While visitation necessarily turns upon the custodial parent's ability to make the child available for visitation, a custodial parent probably has sufficient control over a child of "tender years" to compel the child to visit with the other parent under the terms of the court order; and the custodial parent's failure to comply would thus be punishable by contempt.
Teenagers are a different bred. Although teenage children remain subject to their parents' control until age 18 or marriage, if a teenager refuses to visit with the noncustodial parent through no fault of the custodial parent, the noncustodial parent probably has no remedy. The California Court of Appeal held in 1987 that a mother of a 14-year old child could not be held in contempt because there was no showing that the mother had the ability to compel the child to visit.

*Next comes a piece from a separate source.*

(* Let $d>0$, let $\mathcal{S}$ be the 4-PAM constellation labeled by any Gray labeling, and let $\mathcal{B}$ be any rate-$1/2$ binary convolutional code generated by $\boldsymbol{G}(D)=[g_1(D),\,g_2(D)]$ with $g_1(D),g_2(D)$ nonzero binary polynomials. Then $\mathsf{L}(\mathcal{B})=0$.
   Context: $\mathcal{S}=\{s_1,s_2,s_3,s_4\}$ with $s_1=-3d$, $s_2=-d$, $s_3=d$, $s_4=3d$. A labeling is a bijection $\Phi_{\mathcal{S}}:\{0,1\}^2\to\mathcal{S}$, described by $\boldsymbol{q}=[q_1,\dots,q_4]$ where $q_i$ is the integer whose two-bit representation (most significant bit first) is $\Phi_{\mathcal{S}}^{-1}(s_i)$; the Gray labelings are $[0,1,3,2]$, $[0,2,3,1]$, $[1,0,2,3]$, $[2,0,1,3]$. The convolutional code $\mathcal{B}$ consists of the sequences $\boldsymbol{b}=(\boldsymbol{b}[k])_k$, $\boldsymbol{b}[k]=[b_1[k],b_2[k]]$, whose odd bits $b_1(D)=u(D)g_1(D)$ and even bits $b_2(D)=u(D)g_2(D)$, as $u(D)$ ranges over binary formal Laurent series (the same code is generated by $[1,\,g_2(D)/g_1(D)]$ and by $[g_1(D)/g_2(D),\,1]$). The CM code is $\mathcal{X}=\{(\Phi_{\mathcal{S}}(\boldsymbol{b}[k]))_k:\boldsymbol{b}\in\mathcal{B}\}$. For symbol sequences $\boldsymbol{x},\hat{\boldsymbol{x}}$ and each position $k$ with $x[k]\neq\hat{x}[k]$: $\mu^{\mathcal{X}}_k=\sigma^{2,\mathcal{X}}_k=(x[k]-\hat{x}[k])^2/(4d^2)$; $\mu^{\mathcal{B}}_k=\sigma^{2,\mathcal{B}}_k=(x[k]-\hat{x}[k])^2/(4d^2)$ except that if $\{x[k],\hat{x}[k]\}=\{s_1,s_4\}$ then $\mu^{\mathcal{B}}_k=3$, $\sigma^{2,\mathcal{B}}_k=1$. Summing over $k$ with $x[k]\neq\hat{x}[k]$, $a^{\mathcal{X}}(\boldsymbol{x},\hat{\boldsymbol{x}})=\sum_k\mu^{\mathcal{X}}_k/\sqrt{\sum_k\sigma^{2,\mathcal{X}}_k}$ and $a^{\mathcal{B}}(\boldsymbol{x},\hat{\boldsymbol{x}})=\sum_k\mu^{\mathcal{B}}_k/\sqrt{\sum_k\sigma^{2,\mathcal{B}}_k}$ (taken to be $+\infty$ if the sequences differ in infinitely many positions). The asymptotic loss of the code is $\mathsf{L}(\mathcal{B})=20\log_{10}\Big(\min_{\boldsymbol{x}\neq\hat{\boldsymbol{x}}\in\mathcal{X}}a^{\mathcal{X}}(\boldsymbol{x},\hat{\boldsymbol{x}})\big/\min_{\boldsymbol{x}\neq\hat{\boldsymbol{x}}\in\mathcal{X}}a^{\mathcal{B}}(\boldsymbol{x},\hat{\boldsymbol{x}})\Big)$ dB. *)

theory Defs
  imports Complex_Main "HOL-Library.Extended_Real"
begin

Lesson learned. The noncustodial parent needs to make quality time with the teenager so that the teenager will want to visit with him/her. Sitting on the couch watching television and making out with a lover is not quality time with the teenager. Or having the teenager "hang out" with you and your friends and/or lover may not be enjoyable for the teenager. A child is visiting with YOU not your friends and needs your undivided attention during this visitation period no matter what age if you want to develop a parent-child bond and continuing relationship. It is the noncustodial parent's duty to make the teenager want to visit and the custodial parent's duty to encourage the visitation.